Notez les transistors à boîtier ovale. Ces premiers transistors NPN étaient en germanium et d’une conception ancienne connue sous le nom de « contact ponctuel ». Chacun d’eux est codé en couleur par type quant à l’endroit où il devait être installé. Vous pouvez également voir la vis de réglage sur le condensateur d’accord qui a nécessité la fossette dans le boîtier.

Datation de la fabrication du TR-1

Le condensateur d’accord peut être utilisé pour dater approximativement la construction de chaque TR-1. À l’arrière du condensateur est estampé un numéro à trois chiffres qui indique la semaine et l’année de fabrication du condensateur (voir figure 5).

FIGURE 5. Le code de date du condensateur est le numéro en haut à droite.

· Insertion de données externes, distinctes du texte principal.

definition concrete_opsys :: "('h::complex_hilbert \<Rightarrow> 'h) set \<Rightarrow> bool" where
  "concrete_opsys V \<longleftrightarrow> V \<subseteq> BH \<and> op_zero \<in> V \<and> id \<in> V
     \<and> (\<forall>S\<in>V. \<forall>T\<in>V. op_add S T \<in> V)
     \<and> (\<forall>c. \<forall>T\<in>V. op_scale c T \<in> V)
     \<and> (\<forall>T\<in>V. adj T \<in> V)"

definition is_projection :: "('h::complex_hilbert \<Rightarrow> 'h) \<Rightarrow> bool" where
  "is_projection p \<longleftrightarrow> p \<in> BH \<and> adj p = p \<and> p \<circ> p = p"

section \<open>Matrices over a carrier (n x n matrices as functions nat => nat => 'v, entries outside
  the range {0..<n} equal to the zero vector)\<close>

definition matc :: "'v set \<Rightarrow> 'v \<Rightarrow> nat \<Rightarrow> (nat \<Rightarrow> nat \<Rightarrow> 'v) set" where
  "matc W z n = {X. (\<forall>i<n. \<forall>j<n. X i j \<in> W) \<and> (\<forall>i j. \<not> (i < n \<and> j < n) \<longrightarrow> X i j = z)}"

definition herm :: "('v \<Rightarrow> 'v) \<Rightarrow> nat \<Rightarrow> (nat \<Rightarrow> nat \<Rightarrow> 'v) \<Rightarrow> bool" where
  "herm st n X \<longleftrightarrow> (\<forall>i<n. \<forall>j<n. st (X i j) = X j i)"

fun vsum :: "('v \<Rightarrow> 'v \<Rightarrow> 'v) \<Rightarrow> 'v \<Rightarrow> (nat \<Rightarrow> 'v) \<Rightarrow> nat \<Rightarrow> 'v" where
  "vsum add z f 0 = z"
| "vsum add z f (Suc n) = add (vsum add z f n) (f n)"

text \<open>alpha^* X alpha for alpha an n x m complex matrix and X an n x n matrix\<close>
definition conj_mat :: "('v \<Rightarrow> 'v \<Rightarrow> 'v) \<Rightarrow> (complex \<Rightarrow> 'v \<Rightarrow> 'v) \<Rightarrow> 'v \<Rightarrow> nat \<Rightarrow> nat
     \<Rightarrow> (nat \<Rightarrow> nat \<Rightarrow> complex) \<Rightarrow> (nat \<Rightarrow> nat \<Rightarrow> 'v) \<Rightarrow> (nat \<Rightarrow> nat \<Rightarrow> 'v)" where
  "conj_mat add sm z n m \<alpha> X = (\<lambda>k l. if k < m \<and> l < m then
      vsum add z (\<lambda>i. vsum add z (\<lambda>j. sm (cnj (\<alpha> i k) * \<alpha> j l) (X i j)) n) n else z)"

definition unit_mat :: "'v \<Rightarrow> 'v \<Rightarrow> nat \<Rightarrow> (nat \<Rightarrow> nat \<Rightarrow> 'v)" where
  "unit_mat z e n = (\<lambda>i j. if i < n \<and> i = j then e else z)"

definition cvector_space :: "'v set \<Rightarrow> ('v \<Rightarrow> 'v \<Rightarrow> 'v) \<Rightarrow> (complex \<Rightarrow> 'v \<Rightarrow> 'v) \<Rightarrow> 'v \<Rightarrow> bool" where
  "cvector_space W add sm z \<longleftrightarrow> z \<in> W
     \<and> (\<forall>x\<in>W. \<forall>y\<in>W. add x y \<in> W) \<and> (\<forall>c. \<forall>x\<in>W. sm c x \<in> W)
     \<and> (\<forall>x\<in>W. \<forall>y\<in>W. \<forall>u\<in>W. add (add x y) u = add x (add y u))
     \<and> (\<forall>x\<in>W. \<forall>y\<in>W. add x y = add y x)
     \<and> (\<forall>x\<in>W. add z x = x)
     \<and> (\<forall>x\<in>W. \<exists>y\<in>W. add x y = z)
     \<and> (\<forall>a. \<forall>x\<in>W. \<forall>y\<in>W. sm a (add x y) = add (sm a x) (sm a y))
     \<and> (\<forall>a b. \<forall>x\<in>W. sm (a + b) x = add (sm a x) (sm b x))
     \<and> (\<forall>a b. \<forall>x\<in>W. sm a (sm b x) = sm (a * b) x)
     \<and> (\<forall>x\<in>W. sm 1 x = x)"

definition star_vector_space :: "'v set \<Rightarrow> ('v \<Rightarrow> 'v \<Rightarrow> 'v) \<Rightarrow> (complex \<Rightarrow> 'v \<Rightarrow> 'v) \<Rightarrow> 'v
     \<Rightarrow> ('v \<Rightarrow> 'v) \<Rightarrow> bool" where
  "star_vector_space W add sm z st \<longleftrightarrow> cvector_space W add sm z
     \<and> (\<forall>x\<in>W. st x \<in> W) \<and> (\<forall>x\<in>W. st (st x) = x)
     \<and> (\<forall>x\<in>W. \<forall>y\<in>W. st (add x y) = add (st x) (st y))
     \<and> (\<forall>c. \<forall>x\<in>W. st (sm c x) = sm (cnj c) (st x))"

definition proper_matrix_ordering :: "'v set \<Rightarrow> ('v \<Rightarrow> 'v \<Rightarrow> 'v) \<Rightarrow> (complex \<Rightarrow> 'v \<Rightarrow> 'v) \<Rightarrow> 'v
     \<Rightarrow> ('v \<Rightarrow> 'v) \<Rightarrow> (nat \<Rightarrow> (nat \<Rightarrow> nat \<Rightarrow> 'v) set) \<Rightarrow> bool" where
  "proper_matrix_ordering W add sm z st D \<longleftrightarrow>
     (\<forall>n\<ge>1. D n \<subseteq> {X \<in> matc W z n. herm st n X})
     \<and> (\<forall>n\<ge>1. \<forall>X\<in>D n. \<forall>Y\<in>D n. (\<lambda>i j. add (X i j) (Y i j)) \<in> D n)
     \<and> (\<forall>n\<ge>1. \<forall>X\<in>D n. \<forall>r::real. r \<ge> 0 \<longrightarrow> (\<lambda>i j. sm (complex_of_real r) (X i j)) \<in> D n)
     \<and> (\<forall>n\<ge>1. \<forall>m\<ge>1. \<forall>\<alpha>. \<forall>X\<in>D n. conj_mat add sm z n m \<alpha> X \<in> D m)
     \<and> (\<forall>n\<ge>1. \<forall>X\<in>D n. (\<lambda>i j. sm (-1) (X i j)) \<in> D n \<longrightarrow> X = (\<lambda>i j. z))"

definition archimedean_matrix_order_unit :: "'v set \<Rightarrow> ('v \<Rightarrow> 'v \<Rightarrow> 'v) \<Rightarrow> (complex \<Rightarrow> 'v \<Rightarrow> 'v) \<Rightarrow> 'v
     \<Rightarrow> ('v \<Rightarrow> 'v) \<Rightarrow> (nat \<Rightarrow> (nat \<Rightarrow> nat \<Rightarrow> 'v) set) \<Rightarrow> 'v \<Rightarrow> bool" where
  "archimedean_matrix_order_unit W add sm z st D e \<longleftrightarrow> e \<in> W \<and> st e = e
     \<and> (\<forall>n\<ge>1. \<forall>X\<in>matc W z n. herm st n X \<longrightarrow>
           (\<exists>r::real. r > 0 \<and>
              (\<lambda>i j. add (sm (complex_of_real r) (unit_mat z e n i j)) (X i j)) \<in> D n))
     \<and> (\<forall>n\<ge>1. \<forall>X\<in>matc W z n. herm st n X \<longrightarrow>
           (\<forall>r::real. r > 0 \<longrightarrow>
              (\<lambda>i j. add (sm (complex_of_real r) (unit_mat z e n i j)) (X i j)) \<in> D n)
           \<longrightarrow> X \<in> D n)"

definition operator_system :: "'v set \<Rightarrow> ('v \<Rightarrow> 'v \<Rightarrow> 'v) \<Rightarrow> (complex \<Rightarrow> 'v \<Rightarrow> 'v) \<Rightarrow> 'v
     \<Rightarrow> ('v \<Rightarrow> 'v) \<Rightarrow> (nat \<Rightarrow> (nat \<Rightarrow> nat \<Rightarrow> 'v) set) \<Rightarrow> 'v \<Rightarrow> bool" where
  "operator_system W add sm z st D e \<longleftrightarrow> star_vector_space W add sm z st
     \<and> proper_matrix_ordering W add sm z st D \<and> archimedean_matrix_order_unit W add sm z st D e"

text \<open>p_n x p_n \<ge> 0 in B(H^n), written out on vectors xi = (xi_0,...,xi_{n-1}) of H^n.\<close>
definition Cp :: "('h::complex_hilbert \<Rightarrow> 'h) set \<Rightarrow> ('h \<Rightarrow> 'h) \<Rightarrow> nat
     \<Rightarrow> (nat \<Rightarrow> nat \<Rightarrow> ('h \<Rightarrow> 'h)) set" where
  "Cp V p n = {X \<in> matc V op_zero n. herm adj n X \<and>
     (\<forall>\<xi>::nat \<Rightarrow> 'h. let q = (\<Sum>i<n. \<Sum>j<n. cinner ((p \<circ> X i j \<circ> p) (\<xi> j)) (\<xi> i))
                      in Im q = 0 \<and> Re q \<ge> 0)}"

definition C1 :: "('h::complex_hilbert \<Rightarrow> 'h) set \<Rightarrow> ('h \<Rightarrow> 'h) \<Rightarrow> ('h \<Rightarrow> 'h) set" where
  "C1 V p = {x. (\<lambda>i j. if i = 0 \<and> j = 0 then x else op_zero) \<in> Cp V p 1}"

definition cspan :: "('h::complex_hilbert \<Rightarrow> 'h) set \<Rightarrow> ('h \<Rightarrow> 'h) set" where
  "cspan S = {T. \<exists>k (c::nat \<Rightarrow> complex) a. (\<forall>i<k. a i \<in> S) \<and>
                  T = (\<lambda>x. \<Sum>i<k. scaleC (c i) (a i x))}"

definition Jp :: "('h::complex_hilbert \<Rightarrow> 'h) set \<Rightarrow> ('h \<Rightarrow> 'h) \<Rightarrow> ('h \<Rightarrow> 'h) set" where
  "Jp V p = cspan (C1 V p \<inter> op_scale (-1) ` C1 V p)"

definition coset :: "('h::complex_hilbert \<Rightarrow> 'h) set \<Rightarrow> ('h \<Rightarrow> 'h) \<Rightarrow> ('h \<Rightarrow> 'h) set" where
  "coset J x = {op_add x j | j. j \<in> J}"

definition quot :: "('h::complex_hilbert \<Rightarrow> 'h) set \<Rightarrow> ('h \<Rightarrow> 'h) set \<Rightarrow> ('h \<Rightarrow> 'h) set set" where
  "quot V J = coset J ` V"

definition qrep :: "('h::complex_hilbert \<Rightarrow> 'h) set \<Rightarrow> ('h \<Rightarrow> 'h)" where
  "qrep A = (SOME a. a \<in> A)"

definition qadd :: "('h::complex_hilbert \<Rightarrow> 'h) set \<Rightarrow> ('h \<Rightarrow> 'h) set \<Rightarrow> ('h \<Rightarrow> 'h) set \<Rightarrow> ('h \<Rightarrow> 'h) set" where
  "qadd J A B = coset J (op_add (qrep A) (qrep B))"

definition qscale :: "('h::complex_hilbert \<Rightarrow> 'h) set \<Rightarrow> complex \<Rightarrow> ('h \<Rightarrow> 'h) set \<Rightarrow> ('h \<Rightarrow> 'h) set" where
  "qscale J c A = coset J (op_scale c (qrep A))"

definition qstar :: "('h::complex_hilbert \<Rightarrow> 'h) set \<Rightarrow> ('h \<Rightarrow> 'h) set \<Rightarrow> ('h \<Rightarrow> 'h) set" where
  "qstar J A = coset J (adj (qrep A))"

definition Ctilde :: "('h::complex_hilbert \<Rightarrow> 'h) set \<Rightarrow> ('h \<Rightarrow> 'h) \<Rightarrow> nat
     \<Rightarrow> (nat \<Rightarrow> nat \<Rightarrow> ('h \<Rightarrow> 'h) set) set" where
  "Ctilde V p n = (\<lambda>X. \<lambda>i j. coset (Jp V p) (X i j)) ` Cp V p n"

end

theory Submission
  imports Defs
begin

(*
  Everything rests on the description J_p = {x \<in> V. p x p = 0}. An element of
  C(p) \<inter> -C(p) has vanishing form <p x p v, v>, hence p x p = 0 by polarization;
  conversely, if p x p = 0 then the real and imaginary parts of x are selfadjoint with
  vanishing compression, so they lie in C(p) \<inter> -C(p) and x lies in their span.
  Thus J_p is a *-subspace killed by the compression, and since C(p_n) is defined through
  the compressions p x_ij p alone, a matrix of cosets lies in the quotient cone exactly when
  its selfadjoint lifts lie in C(p_n). The cone axioms then descend from C(p_n); properness
  is polarization once more; and p + J_p is an Archimedean matrix order unit because the
  form of r p_n + X is r (\<Sum>i. |p v_i|^2) plus the form of X, which is bounded by a multiple
  of \<Sum>i. |p v_i|^2. Adjoints of bounded operators, used throughout, come from the Riesz
  representation theorem, proved via the point of least norm on a closed affine hyperplane.
*)

section \<open>Complex Hilbert spaces and the Riesz representation\<close>

lemma module_scaleC: "module (scaleC :: complex \<Rightarrow> 'a::complex_hilbert \<Rightarrow> 'a)"
  by unfold_locales (auto simp: scaleC_add_right scaleC_add_left scaleC_scaleC scaleC_one)

lemmas scaleC_zero_left[simp] = module.scale_zero_left[OF module_scaleC]
lemmas scaleC_zero_right[simp] = module.scale_zero_right[OF module_scaleC]
lemmas scaleC_minus_left[simp] = module.scale_minus_left[OF module_scaleC]
lemmas scaleC_minus_right[simp] = module.scale_minus_right[OF module_scaleC]
lemmas scaleC_diff_left = module.scale_left_diff_distrib[OF module_scaleC]
lemmas scaleC_diff_right = module.scale_right_diff_distrib[OF module_scaleC]
declare scaleC_scaleC[simp] scaleC_one[simp]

On peut supposer que le condensateur a été assemblé dans la radio peu de temps après. Le numéro est en haut à droite et, dans notre exemple, est « 505 ». Le premier chiffre est l’année, et les deux suivants sont la semaine de l’année. Ainsi, 505 correspond à la cinquième semaine de 1955, soit environ quatre mois après l’introduction du TR-1. Le numéro de série indiqué à la figure 4 révèle que près de 60 000 TR-1 avaient été fabriqués au printemps 1955.

Lors de sa sortie, le TR-1 était présenté dans une simple boîte jaune et noire. Regency a rapidement réalisé que la boîte pouvait être utilisée pour faire la publicité des attributs de la radio et une nouvelle boîte a été rapidement conçue (voir figure 6).

FIGURE 6. Emballage ultérieur plus courant de la TR-1.

Censée être exposée sur un comptoir, la radio était nichée dans la boîte entourée des mots « No Tubes – All Transistor. » D’autres stratagèmes de marketing comprenaient la fabrication de radios TR-1 avec un dos clair pour démontrer la nature à l’état solide de la radio (voir figure 7).

FIGURE 7. TR-1 à dos transparent. Notez que le boîtier transparent comporte la masse de la fossette, même si le condensateur d’accord n’a plus la vis de réglage.

Quelques modèles complètement transparents ont également été fabriqués. Ces modèles de démonstration sont extrêmement rares aujourd’hui.

TR-1 « Clones »

Le TR-1 a connu un énorme succès commercial, même si Consumer Reports l’a tourné en dérision pour sa faible sensibilité et sa qualité sonore. D’autres fabricants, étonnés par le succès commercial du TR-1, ont rapidement commencé à fabriquer leurs propres radios. Certains fabricants – comme Bulova et Mitchell – ont décidé de commercialiser le TR-1 sous leur propre nom et, dans certains cas, sous un nouvel emballage (voir figure 8).

FIGURE 8. Des TR-1 en habits de mouton. De gauche à droite : Bulova 250 en cuir, Bulova 250 en plastique blanc et Mitchell 1101 en cuir bronzé.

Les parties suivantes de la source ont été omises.